# [YOUR TASK]
Return copies of the lines below that mention "ultimately".

(DATASET RECORDS)

(* Let $l\geq 0$ and $d\geq 1$ be integers and let $\boldsymbol{\varepsilon}=(\varepsilon_n)_{n\geq 0}$ be a sequence of non-constant polynomials in $\mathbb{F}_2[t]$ which is ultimately periodic of type $(l,d)$, i.e. $\varepsilon_{n+d}=\varepsilon_n$ for all $n\geq l$. Let $\mathbf{s}(\boldsymbol{\varepsilon})=(s_i)_{i\geq 0}$ be the associated sequence and $\alpha=[s_0,s_1,s_2,\dots]\in\mathbb{F}_2((1/t))$ the associated continued fraction (see context). Then there is a polynomial $P\in \mathbb{F}_2(\boldsymbol{\varepsilon})[x]$ with $\deg_x P=2^d$ and $P(\alpha)=0$. More precisely, setting $\beta=1/\alpha$, there exist $d+1$ elements $A$ and $B_k$ ($0\leq k\leq d-1$) of $\mathbb{F}_2(\boldsymbol{\varepsilon})$ such that $$\beta^{2^d}=A+\sum_{k=0}^{d-1}B_k\,\beta^{2^k}.$$
   Context: Given a sequence $\boldsymbol{\varepsilon}=(\varepsilon_n)_{n\geq 0}$, define words $W_0=$ empty word and $W_{n+1}=W_n\,\varepsilon_n\,W_n$ (concatenation) for $n\geq 0$; $W_{n+1}$ begins with $W_n$, and $\mathbf{s}(\boldsymbol{\varepsilon})$ is the infinite word beginning with every $W_n$, i.e. $\mathbf{s}(\boldsymbol{\varepsilon})=\varepsilon_0\varepsilon_1\varepsilon_0\varepsilon_2\varepsilon_0\varepsilon_1\varepsilon_0\varepsilon_3\cdots$. When the $\varepsilon_n$ are non-constant polynomials in $\mathbb{F}_2[t]$, $\alpha=CF(\mathbf{s}(\boldsymbol{\varepsilon}))=[s_0,s_1,\dots]=s_0+1/(s_1+1/(s_2+\cdots))$ is the infinite continued fraction in the field $\mathbb{F}_2((1/t))$ of formal Laurent series in $1/t$ with partial quotients $s_i$. For $\boldsymbol{\varepsilon}$ of type $(l,d)$, $\mathbb{F}_2(\boldsymbol{\varepsilon})$ denotes the subfield of $\mathbb{F}_2(t)$ generated by $\varepsilon_0,\dots,\varepsilon_{l+d-1}$. *)

theory Defs
  imports "HOL-Computational_Algebra.Computational_Algebra" "HOL-Library.Z2"
begin

text \<open>F_2 is the type bit.  F_2((1/t)) is modelled as bit fls (formal Laurent series
  in X = 1/t, finitely many negative powers of X); the metric topology on fls is the
  (1/t)-adic topology.  The variable t is fls_X_inv.\<close>

definition laurent_of_poly :: "bit poly \<Rightarrow> bit fls" where
  "laurent_of_poly p = poly (map_poly fls_const p) fls_X_inv"

fun W :: "(nat \<Rightarrow> 'a) \<Rightarrow> nat \<Rightarrow> 'a list" where
  "W e 0 = []"
| "W e (Suc n) = W e n @ [e n] @ W e n"

text \<open>The infinite word s(eps) beginning with every W_n (length W_(i+1) = 2^(i+1)-1 > i).\<close>
definition sword :: "(nat \<Rightarrow> 'a) \<Rightarrow> nat \<Rightarrow> 'a" where
  "sword e i = W e (Suc i) ! i"

fun cf_fin :: "(nat \<Rightarrow> 'a::field) \<Rightarrow> nat \<Rightarrow> nat \<Rightarrow> 'a" where
  "cf_fin a i 0 = a i"
| "cf_fin a i (Suc k) = a i + inverse (cf_fin a (Suc i) k)"

definition is_CF :: "'a::{field,metric_space} \<Rightarrow> (nat \<Rightarrow> 'a) \<Rightarrow> bool" where
  "is_CF \<alpha> a \<longleftrightarrow> (\<lambda>n. cf_fin a 0 n) \<longlonglongrightarrow> \<alpha>"

definition is_subfield :: "'a::field set \<Rightarrow> bool" where
  "is_subfield K \<longleftrightarrow> 0 \<in> K \<and> 1 \<in> K \<and> (\<forall>x\<in>K. \<forall>y\<in>K. x + y \<in> K \<and> x * y \<in> K)
     \<and> (\<forall>x\<in>K. - x \<in> K \<and> inverse x \<in> K)"

definition gen_subfield :: "'a::field set \<Rightarrow> 'a set" where
  "gen_subfield S = \<Inter>{K. is_subfield K \<and> S \<subseteq> K}"

end

theory Submission
  imports Defs
begin
lemma wf_ordrel: "wf (ordrel :: ('c::wellorder ot \<times> 'c ot) set)"
proof (rule acc_wfI, intro allI)
  fix x :: "'c ot"
  show "x \<in> Wellfounded.acc ordrel"
  proof (cases "nf x")
    case False
    show ?thesis
    proof (rule accI)
      fix y assume "(y, x) \<in> ordrel"
      with False show "y \<in> Wellfounded.acc ordrel" by (simp add: ordrel_iff)
    qed
  qed (rule nf_in_acc_ordrel)
qed

lemma Theta_eq:
  assumes "nf \<xi>"
  shows "Theta X \<xi> = (LEAST t. t \<in> X \<and> star \<xi> < t \<and>
      (\<forall>z. nf z \<and> olt z \<xi> \<and> star z < t \<longrightarrow> Theta X z < t))"
  unfolding Theta_def
  by (subst wfrec[OF wf_ordrel])
    (use assms in \<open>auto simp: cut_def ordrel_iff intro!: arg_cong[where f = Least]\<close>)

section \<open>Clubs in an uncountable well-order with countable initial segments\<close>

lemma isolated_point_max_below:
  assumes closed: "limpts X \<subseteq> X" and "t \<notin> limpts X" "x \<in> X" "x < t"
  obtains p where "p \<in> X" "x \<le> p" "p < t" "\<And>x'. x' \<in> X \<Longrightarrow> x' < t \<Longrightarrow> x' \<le> p"
proof -
  define gap where "gap w \<longleftrightarrow> w < t \<and> (\<forall>x'\<in>X. w < x' \<longrightarrow> \<not> x' < t)" for w
  have "cz < t" using cz_le[of x] \<open>x < t\<close> by (rule le_less_trans)
  with \<open>t \<notin> limpts X\<close> obtain w where "gap w" unfolding limpts_def gap_def by auto
  define p where "p = (LEAST w. gap w)"
  have "gap p" unfolding p_def using \<open>gap w\<close> by (rule LeastI)
  then have below_p: "x' \<le> p" if "x' \<in> X" "x' < t" for x'
    using that unfolding gap_def by (auto simp: not_less)
  have "p \<in> X"
  proof (rule ccontr)
    assume "p \<notin> X"
    have "p \<in> limpts X" unfolding limpts_def
    proof (intro CollectI conjI allI impI)
      show "cz < p"
        using below_p[OF \<open>x \<in> X\<close> \<open>x < t\<close>] \<open>x \<in> X\<close> \<open>p \<notin> X\<close> cz_le[of x]
        by (auto simp: le_less intro: le_less_trans)
      fix v assume "v < p"
      then have "\<not> gap v" unfolding p_def by (rule not_less_Least)
      moreover have "v < t" using \<open>v < p\<close> \<open>gap p\<close> unfolding gap_def by auto
      ultimately obtain x' where "x' \<in> X" "v < x'" "x' < t" unfolding gap_def by auto
      with below_p \<open>p \<notin> X\<close> show "\<exists>x'\<in>X. v < x' \<and> x' < p" by (force simp: le_less)
    qed
    with closed \<open>p \<notin> X\<close> show False by blast
  qed
  with below_p \<open>x \<in> X\<close> \<open>x < t\<close> \<open>gap p\<close> show ?thesis
    using that unfolding gap_def by blast
qed
theorem mainTheorem4:
  shows "(\<forall>M N P :: 'w::ab_semigroup_add list \<Rightarrow> 'a::comm_ring_1. diamond (diamond M N) P = diamond M (diamond N P))
    \<and> (\<forall>M N :: 'w list \<Rightarrow> 'a. symmetrel N \<longrightarrow> diamond M N = mcomp M N)
    \<and> (\<forall>M N :: 'w list \<Rightarrow> 'a. symmetrel M \<and> symmetrel N \<longrightarrow> symmetrel (mcomp M N))"
  using diamond_assoc diamond_eq_mcomp symmetrel_mcomp by blast

end
(* Let $(N_1,m_1)$ and $(N_2,m_2)$ be labeled marked Petri nets and $E$ a system of linear constraints with $(N_1,m_1)\vartriangleright_E(N_2,m_2)$, and let $(M,m)$ be a labeled marked Petri net that is compatible with respect to this equivalence. Then $(N_1,m_1)\,\|\,(M,m)\vartriangleright_E(N_2,m_2)\,\|\,(M,m)$.
   Context: A Petri net $N=(P,T,\mathrm{Pre},\mathrm{Post})$ has a finite set of places $P$, a finite set of transitions $T$ disjoint from $P$, and flow functions $\mathrm{Pre},\mathrm{Post}:T\to(P\to\mathbb N)$. A marking is a map $m:P\to\mathbb N$. Transition $t$ is enabled at $m$ if $m(p)\ge\mathrm{Pre}(t,p)$ for all $p$; firing it yields $m'=m-\mathrm{Pre}(t)+\mathrm{Post}(t)$. A firing sequence $\varrho$ leads from $m$ to $m'$ ($m\overset{\varrho}{\Rightarrow}m'$) if its transitions can be fired successively from $m$ reaching $m'$. A labeled net has a labeling $l:T\to\Sigma\cup\{\tau\}$ ($\tau\notin\Sigma$ silent), extended to sequences by $l(\epsilon)=\epsilon$, $\tau$ mapped to $\epsilon$, $l(\varrho t)=l(\varrho)l(t)$. Formulas are Boolean combinations of linear (in)equalities over integer variables; place names are used as variables. For a marking $m$ over $P$, $\underline m\triangleq\bigwedge_{p\in P}(p=m(p))$; $m\models\phi$ means $\phi\wedge\underline m$ is satisfiable over the integers. Markings $m_1$ over $P_1$, $m_2$ over $P_2$ are compatible if they agree on $P_1\cap P_2$; then $m_1\uplus m_2$ is the marking on $P_1\cup P_2$ agreeing with both; $m_1\uplus m_2\models E$ presupposes compatibility. $E$-abstraction (for $N_1,N_2$ with labelings $l_1,l_2$ over the same alphabet): $(N_1,m_1)\sqsupseteq_E(N_2,m_2)$ iff (A1) $m_1\uplus m_2\models E$; and (A2) for every firing sequence $m_1\overset{\varrho_1}{\Rightarrow}m_1'$ in $N_1$ there is at least one marking $m_2'$ over $P_2$ with $m_1'\uplus m_2'\models E$, and for every marking $m_2'$ over $P_2$ with $m_1'\uplus m_2'\models E$ there is a firing sequence $\varrho_2$ of $N_2$ with $m_2\overset{\varrho_2}{\Rightarrow}m_2'$ and $l_1(\varrho_1)=l_2(\varrho_2)$. $(N_1,m_1)\vartriangleright_E(N_2,m_2)$ means both directions hold. The fresh variables of $(N_1,m_1)\vartriangleright_E(N_2,m_2)$ are the variables in $E$ not in $P_1\cup P_2$. A net $M$ with places $P_M$ is compatible with respect to this statement when $(P_1\cup P_2)\cap P_M=\emptyset$ and no fresh variable of the statement is a place of $M$. Synchronous product: for labeled nets $N_a=(P_a,T_a,\mathrm{Pre}_a,\mathrm{Post}_a)$ with labeling $l_a$ over alphabet $\Sigma_a$ and $N_b$ likewise with $l_b$ over $\Sigma_b$, with $P_a\cap P_b=\emptyset$, $N_a\|N_b$ has places $P_a\cup P_b$ and transitions: $(t,\circ)$ for $t\in T_a$ with $l_a(t)\notin\Sigma_b$, labeled $l_a(t)$; $(\circ,t)$ for $t\in T_b$ with $l_b(t)\notin\Sigma_a$, labeled $l_b(t)$; and $(t_a,t_b)$ whenever $l_a(t_a)=l_b(t_b)$, labeled $l_a(t_a)$. $\mathrm{Pre}((t_a,t_b),p)=\mathrm{Pre}_a(t_a,p)$ if $p\in P_a$ and $t_a\ne\circ$, $=\mathrm{Pre}_b(t_b,p)$ if $p\in P_b$ and $t_b\ne\circ$, and $0$ otherwise; similarly for $\mathrm{Post}$. For marked nets, $(N_a,m_a)\|(N_b,m_b)\triangleq(N_a\|N_b,m_a\|m_b)$ where $m_a\|m_b$ is the union marking on $P_a\cup P_b$. *)

theory Defs
  imports Main
begin

datatype 'v lterm = LConst int | LVar 'v | LAdd "'v lterm" "'v lterm" | LMul int "'v lterm"

datatype 'v formula =
    FTrue
  | FEq "'v lterm" "'v lterm"
  | FLe "'v lterm" "'v lterm"
  | FNot "'v formula"
  | FAnd "'v formula" "'v formula"
  | FOr "'v formula" "'v formula"

primrec lval :: "'v lterm \<Rightarrow> ('v \<Rightarrow> int) \<Rightarrow> int" where
  "lval (LConst c) v = c"
| "lval (LVar x) v = v x"
| "lval (LAdd a b) v = lval a v + lval b v"
| "lval (LMul c a) v = c * lval a v"

primrec holds :: "'v formula \<Rightarrow> ('v \<Rightarrow> int) \<Rightarrow> bool" where
  "holds FTrue v = True"
| "holds (FEq a b) v = (lval a v = lval b v)"
| "holds (FLe a b) v = (lval a v \<le> lval b v)"
| "holds (FNot f) v = (\<not> holds f v)"
| "holds (FAnd f g) v = (holds f v \<and> holds g v)"
| "holds (FOr f g) v = (holds f v \<or> holds g v)"

primrec lvars :: "'v lterm \<Rightarrow> 'v set" where
  "lvars (LConst c) = {}"
| "lvars (LVar x) = {x}"
| "lvars (LAdd a b) = lvars a \<union> lvars b"
| "lvars (LMul c a) = lvars a"

primrec fvars :: "'v formula \<Rightarrow> 'v set" where
  "fvars FTrue = {}"
| "fvars (FEq a b) = lvars a \<union> lvars b"
| "fvars (FLe a b) = lvars a \<union> lvars b"
| "fvars (FNot f) = fvars f"
| "fvars (FAnd f g) = fvars f \<union> fvars g"
| "fvars (FOr f g) = fvars f \<union> fvars g"

text \<open>Place names are the variables of type 'v. Labels: None is the silent label tau.\<close>

record ('v, 't, 'a) pnet =
  places :: "'v set"
  trans  :: "'t set"
  pre    :: "'t \<Rightarrow> 'v \<Rightarrow> nat"
  post   :: "'t \<Rightarrow> 'v \<Rightarrow> nat"
  lab    :: "'t \<Rightarrow> 'a option"
  alph   :: "'a set"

(End DATASET RECORDS)

# [SOLVED PROBLEM]
(* Let $l\geq 0$ and $d\geq 1$ be integers and let $\boldsymbol{\varepsilon}=(\varepsilon_n)_{n\geq 0}$ be a sequence of non-constant polynomials in $\mathbb{F}_2[t]$ which is ultimately periodic of type $(l,d)$, i.e. $\varepsilon_{n+d}=\varepsilon_n$ for all $n\geq l$. Let $\mathbf{s}(\boldsymbol{\varepsilon})=(s_i)_{i\geq 0}$ be the associated sequence and $\alpha=[s_0,s_1,s_2,\dots]\in\mathbb{F}_2((1/t))$ the associated continued fraction (see context). Then there is a polynomial $P\in \mathbb{F}_2(\boldsymbol{\varepsilon})[x]$ with $\deg_x P=2^d$ and $P(\alpha)=0$. More precisely, setting $\beta=1/\alpha$, there exist $d+1$ elements $A$ and $B_k$ ($0\leq k\leq d-1$) of $\mathbb{F}_2(\boldsymbol{\varepsilon})$ such that $$\beta^{2^d}=A+\sum_{k=0}^{d-1}B_k\,\beta^{2^k}.$$
      ultimately obtain x' where "x' \<in> X" "v < x'" "x' < t" unfolding gap_def by auto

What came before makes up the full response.